In sympathy with such Palestinian views, Zacharia suggests that the tunnels are an essential lifeline for Gaza because Israel is only
"NOW allowing essential foods and humanitarian supplies into Gaza. With the restoration of some movement of goods, the majority of Gazans still cannot leave the Strip, either through the Rafah checkpoint into Egypt or Erez checkpoint into Israel, leaving the terminal there all but empty."
That's a gross distortion of Israel's far, far greater and more extensive movement of humanitarian supplies into Gaza. And these supplies didn't just start ''NOW." They've been occurring since Hamas violently took control of Gaza back in 2007. In just one week last month, Israel supplied Gaza with 12,000 tons of wheat, flour, meat, chickens, fish, vegetables, animal feed and medical supplies, plus 1 million liters of diesel fuel and 837 tons of cooking gas.
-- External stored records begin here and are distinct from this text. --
lemma smooth_step_has_real_derivative: "(smooth_step has_real_derivative smooth_step_deriv t) (at t)"
proof -
  have "((\<lambda>t. flat_exp 0 t / step_denom t) has_real_derivative
      (flat_exp 1 t * step_denom t - flat_exp 0 t * (flat_exp 1 t - flat_exp 1 (1 - t))) / (step_denom t * step_denom t)) (at t)"
    using flat_exp_has_real_derivative[of 0] step_denom_has_real_derivative step_denom_pos[of t]
    by (auto intro: DERIV_divide)
  then show ?thesis
    by (simp add: smooth_step_def[abs_def] smooth_step_deriv_def step_denom_def power2_eq_square algebra_simps)
qed

lemma smooth_step_nonpos: "t \<le> 0 \<Longrightarrow> smooth_step t = 0"
  by (simp add: smooth_step_def)

lemma smooth_step_ge_1: "1 \<le> t \<Longrightarrow> smooth_step t = 1"
  using step_denom_pos[of t] by (simp add: smooth_step_def step_denom_def)

lemma smooth_step_deriv_bounded: "\<exists>B>0. \<forall>t. \<bar>smooth_step_deriv t\<bar> \<le> B"
proof -
  have "isCont smooth_step_deriv t" for t
    using step_denom_pos[of t] unfolding smooth_step_deriv_def step_denom_def
    by (intro continuous_intros isCont_flat_exp isCont_o2[OF _ isCont_flat_exp]) auto
  then have "compact (smooth_step_deriv ` {0..1})"
    by (intro compact_continuous_image continuous_at_imp_continuous_on) auto
  then obtain B where B: "B > 0" "\<And>t. t \<in> {0..1} \<Longrightarrow> \<bar>smooth_step_deriv t\<bar> \<le> B"
    by (auto dest!: compact_imp_bounded simp: bounded_pos)
  have "smooth_step_deriv t = 0" if "t \<notin> {0..1}" for t
    using that by (auto simp: smooth_step_deriv_def)
  with B show ?thesis by (metis abs_zero less_imp_le)
qed

definition step_deriv_bound :: real where
  "step_deriv_bound = (SOME B. B > 0 \<and> (\<forall>t. \<bar>smooth_step_deriv t\<bar> \<le> B))"

lemma step_deriv_bound_spec: "step_deriv_bound > 0" "\<bar>smooth_step_deriv t\<bar> \<le> step_deriv_bound"
  using someI_ex[OF smooth_step_deriv_bounded] unfolding step_deriv_bound_def by auto

text \<open>The window is wide enough for \<open>smooth_shift \<beta>\<close> to have positive derivative.\<close>
definition shift_window :: "real \<Rightarrow> real" where
  "shift_window \<beta> = \<bar>\<beta>\<bar> * step_deriv_bound + 1"

definition smooth_shift :: "real \<Rightarrow> real \<Rightarrow> real" where
  "smooth_shift \<beta> s = s - \<beta> * smooth_step ((s + shift_window \<beta>) / (2 * shift_window \<beta>))"

definition smooth_shift_deriv :: "real \<Rightarrow> real \<Rightarrow> real" where
  "smooth_shift_deriv \<beta> s =
     1 - \<beta> / (2 * shift_window \<beta>) * smooth_step_deriv ((s + shift_window \<beta>) / (2 * shift_window \<beta>))"

lemma shift_window_pos: "shift_window \<beta> > 0"
  using step_deriv_bound_spec(1) by (simp add: shift_window_def add_nonneg_pos)

lemma smooth_shift_has_real_derivative:
  "(smooth_shift \<beta> has_real_derivative smooth_shift_deriv \<beta> s) (at s)"
proof -
  have "((\<lambda>s. (s + shift_window \<beta>) / (2 * shift_window \<beta>)) has_real_derivative 1 / (2 * shift_window \<beta>)) (at s)"
    using shift_window_pos[of \<beta>] by (auto intro!: derivative_eq_intros)
  from DERIV_chain2[OF smooth_step_has_real_derivative this] show ?thesis
    unfolding smooth_shift_def[abs_def] smooth_shift_deriv_def
    by (auto intro!: derivative_eq_intros)
qed

lemma smooth_shift_deriv_pos: "smooth_shift_deriv \<beta> s > 0"
proof -
  let ?W = "shift_window \<beta>" and ?t = "(s + shift_window \<beta>) / (2 * shift_window \<beta>)"
  have W: "?W > 0" by (rule shift_window_pos)
  have "\<bar>\<beta> / (2 * ?W) * smooth_step_deriv ?t\<bar> = \<bar>\<beta>\<bar> * \<bar>smooth_step_deriv ?t\<bar> / (2 * ?W)"
    using W by (simp add: abs_mult)
  also have "\<dots> \<le> \<bar>\<beta>\<bar> * step_deriv_bound / (2 * ?W)"
    using W step_deriv_bound_spec(2) by (intro divide_right_mono mult_left_mono) auto
  also have "\<dots> < 1"
    using W step_deriv_bound_spec(1) by (simp add: shift_window_def field_simps)
  finally show ?thesis unfolding smooth_shift_deriv_def by linarith
qed

lemma smooth_shift_left: "s \<le> - shift_window \<beta> \<Longrightarrow> smooth_shift \<beta> s = s"
  using shift_window_pos[of \<beta>]
  by (simp add: smooth_shift_def smooth_step_nonpos divide_nonpos_pos)

lemma smooth_shift_right: "shift_window \<beta> \<le> s \<Longrightarrow> smooth_shift \<beta> s = s - \<beta>"
  using shift_window_pos[of \<beta>] by (simp add: smooth_shift_def smooth_step_ge_1 field_simps)

lemma smooth_shift_0 [simp]: "smooth_shift 0 s = s"
  by (simp add: smooth_shift_def)

section \<open>Smoothness of derivative-closed families\<close>

definition derivative_closed :: "'a::real_normed_vector set \<Rightarrow> ('a \<Rightarrow> 'b::real_normed_vector) set \<Rightarrow> bool"
  where "derivative_closed S A \<longleftrightarrow>
    (\<forall>h\<in>A. \<exists>D. (\<forall>x\<in>S. (h has_derivative D x) (at x)) \<and> (\<forall>v. (\<lambda>x. D x v) \<in> A))"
And 483 Gaza medical patients and their escorts passed through what Zacharia describes as the "all but empty" Erez crossing for special treatment in Israeli hospitals.
In 2009, Israel sent 620,000 tons of humanitarian supplies into Gaza and opened its border crossing to more than 10,000 Gazans for medical treatment in Israel.
Why hide this from Post readers?
Post editors might want to ask Zacharia to spend a few days at Israeli border crossing points and then report factually on what actually moves into Gaza to meet humanitarian needs, even while residents on the Israeli side come under rocket and mortar attacks. Zacharia's dismissively cavalier treatment of Israel's vast humanitarian aid to Gaza bears no resemblance to reality.
But even as Zacharia ignores the vast scope of goods and people moving into and from Gaza, she still is not done quoting Palestinians about their woes under Israel's anti-Hamas blockade, citing Kamal Awaja as unable to return to his luxurous seaside villa near Gaza's border with Israel because of sporadic Israeli fire.
Zacharaia ends her skewed article by telling Post readers that Awaja lives in a tent with his family in a field a short drive away. Says Awaja: "I'm afraid to go back there." End of story.
But remember: This is supposed to be an article about intensified hostilities between Gaza and Israel. And yet, while devoting copious space to the views of Hamas officials and other Gazans, the article is completely devoid of any pronouncements from Israeli officials about their views of the rise of rocket and mortar attacks. Nor are there any interviews with Israeli residents near the Gaza border.
No up-close-and-personal accounts of Israelis in Ashkelon being roused by Code Red sirens and having only seconds to look for some shelter against incoming rockets. No interviews with any Israeli official or spokesman explaining that tensions are due entirely to violations of the cease-fire from the Gaza side -- that if calm prevails for Israelis, calm will prevail for Gazans.
Hamas gets to have its say in the Post. Israel does not.
And just to keep the record straight, the Israeli Air Force struck at two weapons-manufacturing sites in Hamas-ruled Gaza -- not one, as Zacharia reported.